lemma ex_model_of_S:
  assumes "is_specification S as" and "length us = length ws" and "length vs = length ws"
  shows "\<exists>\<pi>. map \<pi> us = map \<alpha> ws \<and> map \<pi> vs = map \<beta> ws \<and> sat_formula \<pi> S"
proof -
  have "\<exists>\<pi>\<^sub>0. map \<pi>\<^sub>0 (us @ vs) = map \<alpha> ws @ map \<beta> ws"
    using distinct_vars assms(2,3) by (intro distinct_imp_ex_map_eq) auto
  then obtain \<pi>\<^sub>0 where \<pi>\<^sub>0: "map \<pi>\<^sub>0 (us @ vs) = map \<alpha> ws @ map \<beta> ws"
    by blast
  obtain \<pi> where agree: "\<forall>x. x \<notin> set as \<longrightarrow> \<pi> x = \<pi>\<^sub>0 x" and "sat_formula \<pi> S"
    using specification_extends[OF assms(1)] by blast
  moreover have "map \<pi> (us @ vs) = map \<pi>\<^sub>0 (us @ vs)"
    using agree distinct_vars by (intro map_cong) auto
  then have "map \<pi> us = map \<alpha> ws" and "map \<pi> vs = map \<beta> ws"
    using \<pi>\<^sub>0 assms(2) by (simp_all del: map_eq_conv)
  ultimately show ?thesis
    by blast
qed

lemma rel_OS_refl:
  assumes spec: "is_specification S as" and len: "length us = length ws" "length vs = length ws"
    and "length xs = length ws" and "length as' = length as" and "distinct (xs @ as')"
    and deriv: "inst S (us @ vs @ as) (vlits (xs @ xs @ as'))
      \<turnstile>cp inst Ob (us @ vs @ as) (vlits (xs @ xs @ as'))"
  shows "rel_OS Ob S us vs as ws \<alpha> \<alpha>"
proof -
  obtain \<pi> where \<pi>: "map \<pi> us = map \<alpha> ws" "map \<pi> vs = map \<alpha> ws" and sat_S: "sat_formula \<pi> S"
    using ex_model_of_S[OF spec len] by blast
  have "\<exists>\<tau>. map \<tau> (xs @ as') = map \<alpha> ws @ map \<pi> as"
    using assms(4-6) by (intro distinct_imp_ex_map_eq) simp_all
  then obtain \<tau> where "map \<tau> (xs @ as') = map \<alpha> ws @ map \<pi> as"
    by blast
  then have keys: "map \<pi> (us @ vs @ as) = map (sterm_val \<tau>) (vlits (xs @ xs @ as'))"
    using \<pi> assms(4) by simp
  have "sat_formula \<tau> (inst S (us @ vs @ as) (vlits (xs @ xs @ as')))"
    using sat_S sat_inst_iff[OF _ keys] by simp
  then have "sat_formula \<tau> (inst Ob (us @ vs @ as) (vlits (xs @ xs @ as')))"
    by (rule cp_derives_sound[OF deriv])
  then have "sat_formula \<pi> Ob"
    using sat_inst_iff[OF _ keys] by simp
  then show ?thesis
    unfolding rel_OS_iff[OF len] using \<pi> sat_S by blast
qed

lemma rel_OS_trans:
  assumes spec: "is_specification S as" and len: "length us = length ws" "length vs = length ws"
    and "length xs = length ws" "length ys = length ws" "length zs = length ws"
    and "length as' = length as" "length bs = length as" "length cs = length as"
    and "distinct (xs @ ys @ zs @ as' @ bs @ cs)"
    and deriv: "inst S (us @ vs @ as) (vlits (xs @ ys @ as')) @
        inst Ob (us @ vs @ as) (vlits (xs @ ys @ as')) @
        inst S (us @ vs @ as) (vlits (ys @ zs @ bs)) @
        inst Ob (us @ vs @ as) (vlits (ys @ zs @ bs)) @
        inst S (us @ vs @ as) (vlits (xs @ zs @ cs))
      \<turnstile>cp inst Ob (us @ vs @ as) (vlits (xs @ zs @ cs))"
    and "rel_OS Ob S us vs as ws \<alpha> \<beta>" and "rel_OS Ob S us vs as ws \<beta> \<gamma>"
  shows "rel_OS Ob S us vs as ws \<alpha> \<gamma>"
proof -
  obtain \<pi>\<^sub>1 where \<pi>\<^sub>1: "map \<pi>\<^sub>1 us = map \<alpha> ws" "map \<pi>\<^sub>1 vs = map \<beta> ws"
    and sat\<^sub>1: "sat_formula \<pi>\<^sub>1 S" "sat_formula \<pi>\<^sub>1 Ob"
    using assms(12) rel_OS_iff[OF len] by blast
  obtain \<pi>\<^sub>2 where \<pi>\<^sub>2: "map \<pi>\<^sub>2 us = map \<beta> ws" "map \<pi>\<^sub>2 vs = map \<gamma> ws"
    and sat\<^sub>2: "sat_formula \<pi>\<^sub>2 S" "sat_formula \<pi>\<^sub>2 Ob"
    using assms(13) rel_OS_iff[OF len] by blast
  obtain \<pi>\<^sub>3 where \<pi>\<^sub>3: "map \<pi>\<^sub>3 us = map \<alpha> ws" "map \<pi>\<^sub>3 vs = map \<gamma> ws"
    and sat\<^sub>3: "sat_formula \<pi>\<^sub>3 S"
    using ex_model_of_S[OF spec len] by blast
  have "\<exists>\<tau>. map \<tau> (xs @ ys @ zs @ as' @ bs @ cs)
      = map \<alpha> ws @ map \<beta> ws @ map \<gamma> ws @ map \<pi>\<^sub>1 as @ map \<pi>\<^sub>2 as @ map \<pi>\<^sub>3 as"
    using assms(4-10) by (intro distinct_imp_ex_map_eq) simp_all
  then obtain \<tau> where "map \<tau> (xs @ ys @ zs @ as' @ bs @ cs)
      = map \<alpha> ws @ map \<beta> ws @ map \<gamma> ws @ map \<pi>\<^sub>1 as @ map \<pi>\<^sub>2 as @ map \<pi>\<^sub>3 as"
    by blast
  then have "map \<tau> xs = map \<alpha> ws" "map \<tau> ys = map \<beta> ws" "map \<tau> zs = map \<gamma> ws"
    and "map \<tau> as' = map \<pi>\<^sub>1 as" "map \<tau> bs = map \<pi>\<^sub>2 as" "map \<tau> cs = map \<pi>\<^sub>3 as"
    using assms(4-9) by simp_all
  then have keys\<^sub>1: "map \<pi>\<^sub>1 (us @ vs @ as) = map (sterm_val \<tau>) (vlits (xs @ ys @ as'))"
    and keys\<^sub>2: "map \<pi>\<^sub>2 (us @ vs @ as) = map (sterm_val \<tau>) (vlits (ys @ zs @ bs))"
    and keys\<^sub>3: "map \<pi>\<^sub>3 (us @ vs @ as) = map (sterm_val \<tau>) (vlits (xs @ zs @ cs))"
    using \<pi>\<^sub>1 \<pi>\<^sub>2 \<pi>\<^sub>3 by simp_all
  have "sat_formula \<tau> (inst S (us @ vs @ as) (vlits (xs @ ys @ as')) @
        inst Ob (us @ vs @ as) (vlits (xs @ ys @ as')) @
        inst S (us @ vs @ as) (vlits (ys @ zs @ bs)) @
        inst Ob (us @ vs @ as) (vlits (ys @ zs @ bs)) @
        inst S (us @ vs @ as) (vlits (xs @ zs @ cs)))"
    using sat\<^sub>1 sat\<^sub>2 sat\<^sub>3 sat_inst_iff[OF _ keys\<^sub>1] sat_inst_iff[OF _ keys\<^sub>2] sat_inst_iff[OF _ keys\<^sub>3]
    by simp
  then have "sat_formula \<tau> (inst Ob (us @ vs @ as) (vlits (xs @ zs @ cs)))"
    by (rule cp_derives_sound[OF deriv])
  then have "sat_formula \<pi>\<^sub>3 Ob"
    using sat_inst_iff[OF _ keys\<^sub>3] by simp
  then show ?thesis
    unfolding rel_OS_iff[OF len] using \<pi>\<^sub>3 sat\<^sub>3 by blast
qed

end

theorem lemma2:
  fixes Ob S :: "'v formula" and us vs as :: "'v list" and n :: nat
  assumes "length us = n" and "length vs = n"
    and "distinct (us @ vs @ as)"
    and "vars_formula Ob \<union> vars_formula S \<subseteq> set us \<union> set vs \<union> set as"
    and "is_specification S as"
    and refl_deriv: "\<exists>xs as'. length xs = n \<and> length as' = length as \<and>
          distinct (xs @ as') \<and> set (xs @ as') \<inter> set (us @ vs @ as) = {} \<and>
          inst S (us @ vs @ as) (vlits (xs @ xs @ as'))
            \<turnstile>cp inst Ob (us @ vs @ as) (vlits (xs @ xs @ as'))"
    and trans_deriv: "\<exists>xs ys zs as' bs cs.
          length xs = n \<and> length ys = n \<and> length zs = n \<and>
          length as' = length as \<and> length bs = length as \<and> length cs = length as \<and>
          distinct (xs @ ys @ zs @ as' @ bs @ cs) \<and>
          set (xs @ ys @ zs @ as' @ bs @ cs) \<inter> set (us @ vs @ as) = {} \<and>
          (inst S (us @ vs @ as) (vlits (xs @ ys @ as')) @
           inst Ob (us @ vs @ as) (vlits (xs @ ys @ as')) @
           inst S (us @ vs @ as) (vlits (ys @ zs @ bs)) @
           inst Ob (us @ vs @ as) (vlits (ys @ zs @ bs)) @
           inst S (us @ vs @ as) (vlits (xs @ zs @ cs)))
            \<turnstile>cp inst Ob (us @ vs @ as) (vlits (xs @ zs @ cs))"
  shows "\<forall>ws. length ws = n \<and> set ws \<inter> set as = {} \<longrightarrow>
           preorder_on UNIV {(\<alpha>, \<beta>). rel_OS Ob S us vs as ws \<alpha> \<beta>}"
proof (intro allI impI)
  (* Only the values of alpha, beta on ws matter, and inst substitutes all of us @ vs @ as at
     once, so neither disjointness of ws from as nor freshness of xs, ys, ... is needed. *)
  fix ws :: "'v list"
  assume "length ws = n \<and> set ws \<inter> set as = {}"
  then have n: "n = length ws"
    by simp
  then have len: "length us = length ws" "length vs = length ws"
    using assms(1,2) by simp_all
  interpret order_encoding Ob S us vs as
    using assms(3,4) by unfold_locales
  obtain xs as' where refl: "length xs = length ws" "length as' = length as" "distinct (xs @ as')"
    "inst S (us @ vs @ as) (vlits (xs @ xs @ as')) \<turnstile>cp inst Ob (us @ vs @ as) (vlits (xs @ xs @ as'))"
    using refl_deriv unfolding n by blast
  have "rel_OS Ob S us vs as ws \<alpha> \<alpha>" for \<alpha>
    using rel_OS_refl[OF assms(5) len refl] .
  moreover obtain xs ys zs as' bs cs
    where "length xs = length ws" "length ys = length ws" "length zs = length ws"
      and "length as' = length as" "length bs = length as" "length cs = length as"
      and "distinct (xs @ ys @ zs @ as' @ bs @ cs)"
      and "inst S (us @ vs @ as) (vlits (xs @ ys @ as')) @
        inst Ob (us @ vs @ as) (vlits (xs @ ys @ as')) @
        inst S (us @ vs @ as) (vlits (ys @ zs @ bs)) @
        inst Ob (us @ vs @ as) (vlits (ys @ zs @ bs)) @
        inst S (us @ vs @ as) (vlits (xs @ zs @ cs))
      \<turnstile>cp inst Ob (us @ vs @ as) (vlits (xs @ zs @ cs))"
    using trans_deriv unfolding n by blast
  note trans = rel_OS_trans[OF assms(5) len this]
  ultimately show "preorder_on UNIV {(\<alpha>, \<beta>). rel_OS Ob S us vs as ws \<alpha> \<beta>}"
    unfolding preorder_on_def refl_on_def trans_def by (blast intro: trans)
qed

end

+-------+

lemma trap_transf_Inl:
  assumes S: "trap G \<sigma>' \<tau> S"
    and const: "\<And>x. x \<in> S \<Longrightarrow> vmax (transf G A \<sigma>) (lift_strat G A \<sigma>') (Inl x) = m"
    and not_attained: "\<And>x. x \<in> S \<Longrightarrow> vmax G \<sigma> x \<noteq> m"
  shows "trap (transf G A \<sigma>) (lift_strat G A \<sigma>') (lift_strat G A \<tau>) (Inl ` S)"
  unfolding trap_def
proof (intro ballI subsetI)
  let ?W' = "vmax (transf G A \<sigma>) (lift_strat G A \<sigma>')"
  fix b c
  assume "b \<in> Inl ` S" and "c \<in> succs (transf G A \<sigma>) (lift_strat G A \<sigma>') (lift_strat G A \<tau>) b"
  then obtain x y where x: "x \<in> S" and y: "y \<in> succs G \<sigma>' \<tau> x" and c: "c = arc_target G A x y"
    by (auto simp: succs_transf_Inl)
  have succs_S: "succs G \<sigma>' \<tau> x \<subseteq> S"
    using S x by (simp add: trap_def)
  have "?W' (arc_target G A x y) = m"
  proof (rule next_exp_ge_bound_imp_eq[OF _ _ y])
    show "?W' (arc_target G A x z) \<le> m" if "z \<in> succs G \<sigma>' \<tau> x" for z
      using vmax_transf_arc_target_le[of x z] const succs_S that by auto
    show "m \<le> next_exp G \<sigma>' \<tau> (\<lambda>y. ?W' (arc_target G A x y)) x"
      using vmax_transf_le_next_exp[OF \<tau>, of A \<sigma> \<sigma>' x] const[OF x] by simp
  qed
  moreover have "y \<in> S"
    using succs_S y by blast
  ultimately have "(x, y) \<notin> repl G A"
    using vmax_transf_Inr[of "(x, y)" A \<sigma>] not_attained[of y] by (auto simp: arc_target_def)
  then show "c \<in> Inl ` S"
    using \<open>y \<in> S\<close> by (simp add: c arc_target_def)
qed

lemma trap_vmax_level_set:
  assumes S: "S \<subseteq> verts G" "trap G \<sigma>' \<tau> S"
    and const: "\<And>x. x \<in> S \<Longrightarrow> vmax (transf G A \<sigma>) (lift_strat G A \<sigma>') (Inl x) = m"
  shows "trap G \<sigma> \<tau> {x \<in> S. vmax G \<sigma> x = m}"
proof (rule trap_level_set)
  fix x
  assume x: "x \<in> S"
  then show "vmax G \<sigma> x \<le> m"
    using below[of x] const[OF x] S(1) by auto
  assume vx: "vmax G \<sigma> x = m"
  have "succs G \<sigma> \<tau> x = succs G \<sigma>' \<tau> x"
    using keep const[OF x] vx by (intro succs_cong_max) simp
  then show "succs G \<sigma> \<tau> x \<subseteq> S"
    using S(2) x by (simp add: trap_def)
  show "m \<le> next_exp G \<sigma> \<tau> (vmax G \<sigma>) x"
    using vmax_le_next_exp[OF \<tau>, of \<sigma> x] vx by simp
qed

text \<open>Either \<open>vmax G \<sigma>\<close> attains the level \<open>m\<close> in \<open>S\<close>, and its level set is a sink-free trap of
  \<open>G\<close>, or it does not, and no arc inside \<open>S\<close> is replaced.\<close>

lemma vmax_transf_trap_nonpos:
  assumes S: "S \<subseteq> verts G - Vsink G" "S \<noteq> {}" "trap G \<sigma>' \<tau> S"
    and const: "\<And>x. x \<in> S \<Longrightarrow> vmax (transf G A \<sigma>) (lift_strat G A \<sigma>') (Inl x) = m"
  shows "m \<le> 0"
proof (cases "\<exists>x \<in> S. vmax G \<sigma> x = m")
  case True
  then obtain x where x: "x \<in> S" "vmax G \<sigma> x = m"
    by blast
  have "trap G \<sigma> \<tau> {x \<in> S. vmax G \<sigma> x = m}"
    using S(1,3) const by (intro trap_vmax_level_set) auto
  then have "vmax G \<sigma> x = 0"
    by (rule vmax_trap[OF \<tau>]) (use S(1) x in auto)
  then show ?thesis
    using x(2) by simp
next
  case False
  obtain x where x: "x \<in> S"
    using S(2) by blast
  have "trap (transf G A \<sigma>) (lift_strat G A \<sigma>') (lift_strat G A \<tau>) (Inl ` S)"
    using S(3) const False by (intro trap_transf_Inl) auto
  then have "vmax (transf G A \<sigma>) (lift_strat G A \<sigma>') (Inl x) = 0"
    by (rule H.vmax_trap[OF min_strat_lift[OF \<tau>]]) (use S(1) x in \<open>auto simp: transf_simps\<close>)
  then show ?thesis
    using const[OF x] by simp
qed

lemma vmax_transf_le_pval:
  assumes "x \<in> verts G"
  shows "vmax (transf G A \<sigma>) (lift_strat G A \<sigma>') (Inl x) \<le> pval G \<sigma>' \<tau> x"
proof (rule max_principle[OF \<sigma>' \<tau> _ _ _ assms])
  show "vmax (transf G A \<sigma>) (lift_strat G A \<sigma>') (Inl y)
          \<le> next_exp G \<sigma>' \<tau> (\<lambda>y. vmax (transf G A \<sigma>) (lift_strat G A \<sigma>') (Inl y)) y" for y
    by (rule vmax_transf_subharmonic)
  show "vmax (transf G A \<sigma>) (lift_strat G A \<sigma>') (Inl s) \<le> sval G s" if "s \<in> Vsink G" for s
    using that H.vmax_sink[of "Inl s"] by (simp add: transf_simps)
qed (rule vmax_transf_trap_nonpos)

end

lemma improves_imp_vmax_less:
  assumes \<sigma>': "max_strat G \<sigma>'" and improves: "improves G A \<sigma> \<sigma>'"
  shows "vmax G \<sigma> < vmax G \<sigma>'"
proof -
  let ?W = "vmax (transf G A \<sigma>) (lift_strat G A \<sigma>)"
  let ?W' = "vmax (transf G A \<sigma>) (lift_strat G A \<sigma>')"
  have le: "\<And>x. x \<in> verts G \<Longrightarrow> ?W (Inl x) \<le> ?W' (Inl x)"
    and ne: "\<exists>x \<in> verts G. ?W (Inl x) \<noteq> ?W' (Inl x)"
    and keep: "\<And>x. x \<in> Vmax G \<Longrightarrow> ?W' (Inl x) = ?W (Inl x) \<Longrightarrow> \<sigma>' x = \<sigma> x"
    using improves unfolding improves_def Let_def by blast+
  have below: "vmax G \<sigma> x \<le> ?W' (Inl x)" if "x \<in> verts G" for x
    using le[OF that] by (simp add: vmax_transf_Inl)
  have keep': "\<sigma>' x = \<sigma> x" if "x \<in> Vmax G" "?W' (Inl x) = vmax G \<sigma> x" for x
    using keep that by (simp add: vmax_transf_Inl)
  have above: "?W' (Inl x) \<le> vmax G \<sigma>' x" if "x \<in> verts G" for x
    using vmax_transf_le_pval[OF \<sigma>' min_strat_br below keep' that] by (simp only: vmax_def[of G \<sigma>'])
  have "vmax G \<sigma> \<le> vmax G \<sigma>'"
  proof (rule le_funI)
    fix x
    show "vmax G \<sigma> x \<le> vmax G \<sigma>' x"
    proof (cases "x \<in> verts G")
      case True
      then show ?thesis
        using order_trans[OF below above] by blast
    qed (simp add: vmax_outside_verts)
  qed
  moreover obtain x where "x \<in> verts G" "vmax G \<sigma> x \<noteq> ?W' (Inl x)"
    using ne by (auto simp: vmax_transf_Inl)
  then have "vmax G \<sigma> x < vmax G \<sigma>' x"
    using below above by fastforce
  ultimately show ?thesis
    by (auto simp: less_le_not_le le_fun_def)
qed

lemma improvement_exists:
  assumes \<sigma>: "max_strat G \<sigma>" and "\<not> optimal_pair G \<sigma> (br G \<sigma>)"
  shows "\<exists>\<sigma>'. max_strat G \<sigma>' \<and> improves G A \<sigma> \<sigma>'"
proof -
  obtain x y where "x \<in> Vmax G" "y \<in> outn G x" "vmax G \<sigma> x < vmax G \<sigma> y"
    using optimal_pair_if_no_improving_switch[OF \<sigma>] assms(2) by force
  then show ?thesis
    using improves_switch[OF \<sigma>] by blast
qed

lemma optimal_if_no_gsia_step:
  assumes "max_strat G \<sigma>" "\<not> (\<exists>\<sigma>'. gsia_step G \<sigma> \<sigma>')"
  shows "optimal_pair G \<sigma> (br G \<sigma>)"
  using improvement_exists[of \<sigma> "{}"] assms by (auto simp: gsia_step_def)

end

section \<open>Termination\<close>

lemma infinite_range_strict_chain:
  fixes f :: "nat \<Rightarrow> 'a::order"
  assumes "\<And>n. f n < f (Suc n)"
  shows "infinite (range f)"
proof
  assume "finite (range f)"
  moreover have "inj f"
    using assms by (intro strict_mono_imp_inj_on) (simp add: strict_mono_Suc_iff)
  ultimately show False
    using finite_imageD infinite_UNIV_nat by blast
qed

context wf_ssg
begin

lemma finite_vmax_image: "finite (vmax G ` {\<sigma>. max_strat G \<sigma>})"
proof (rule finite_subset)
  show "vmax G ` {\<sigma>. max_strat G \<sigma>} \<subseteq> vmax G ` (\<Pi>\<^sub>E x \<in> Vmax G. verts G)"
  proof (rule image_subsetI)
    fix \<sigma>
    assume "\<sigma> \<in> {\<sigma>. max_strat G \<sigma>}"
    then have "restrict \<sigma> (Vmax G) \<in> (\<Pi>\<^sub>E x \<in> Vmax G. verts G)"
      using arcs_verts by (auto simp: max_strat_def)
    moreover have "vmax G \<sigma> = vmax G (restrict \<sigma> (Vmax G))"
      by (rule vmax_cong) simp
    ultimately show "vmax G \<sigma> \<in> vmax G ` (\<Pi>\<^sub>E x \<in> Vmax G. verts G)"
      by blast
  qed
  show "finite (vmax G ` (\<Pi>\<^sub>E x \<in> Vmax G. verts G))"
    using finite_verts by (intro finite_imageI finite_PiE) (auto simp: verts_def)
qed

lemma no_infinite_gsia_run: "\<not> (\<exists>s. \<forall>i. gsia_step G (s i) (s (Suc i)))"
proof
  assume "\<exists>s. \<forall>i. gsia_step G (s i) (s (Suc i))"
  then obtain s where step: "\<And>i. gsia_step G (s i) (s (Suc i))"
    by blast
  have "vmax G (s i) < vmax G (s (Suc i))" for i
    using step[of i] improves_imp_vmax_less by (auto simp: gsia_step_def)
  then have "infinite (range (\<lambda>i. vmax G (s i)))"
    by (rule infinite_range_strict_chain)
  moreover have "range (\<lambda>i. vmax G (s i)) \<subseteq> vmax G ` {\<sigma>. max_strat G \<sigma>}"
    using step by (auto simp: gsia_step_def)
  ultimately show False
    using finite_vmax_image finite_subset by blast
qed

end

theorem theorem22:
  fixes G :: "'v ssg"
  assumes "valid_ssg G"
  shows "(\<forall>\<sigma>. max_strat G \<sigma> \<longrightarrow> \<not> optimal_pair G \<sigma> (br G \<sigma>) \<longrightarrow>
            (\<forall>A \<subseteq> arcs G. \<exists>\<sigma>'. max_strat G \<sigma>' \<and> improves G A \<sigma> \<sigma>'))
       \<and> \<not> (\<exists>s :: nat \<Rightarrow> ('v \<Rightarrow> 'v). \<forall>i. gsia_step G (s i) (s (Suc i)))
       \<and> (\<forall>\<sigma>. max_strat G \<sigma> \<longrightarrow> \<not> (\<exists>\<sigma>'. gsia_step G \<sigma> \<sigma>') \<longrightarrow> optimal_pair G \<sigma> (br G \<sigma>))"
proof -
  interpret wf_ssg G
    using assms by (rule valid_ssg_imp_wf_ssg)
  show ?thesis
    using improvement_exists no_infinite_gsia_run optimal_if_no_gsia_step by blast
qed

+-------+

## Work required
From the records above, copy only the lines starting with the line that holds "using assms(3,4) by unfold_locales" and going on through the line that holds "using rel_OS_refl[OF assms(5) len refl] .", exactly as written.

## The completed task
    using assms(3,4) by unfold_locales
  obtain xs as' where refl: "length xs = length ws" "length as' = length as" "distinct (xs @ as')"
    "inst S (us @ vs @ as) (vlits (xs @ xs @ as')) \<turnstile>cp inst Ob (us @ vs @ as) (vlits (xs @ xs @ as'))"
    using refl_deriv unfolding n by blast
  have "rel_OS Ob S us vs as ws \<alpha> \<alpha>" for \<alpha>
    using rel_OS_refl[OF assms(5) len refl] .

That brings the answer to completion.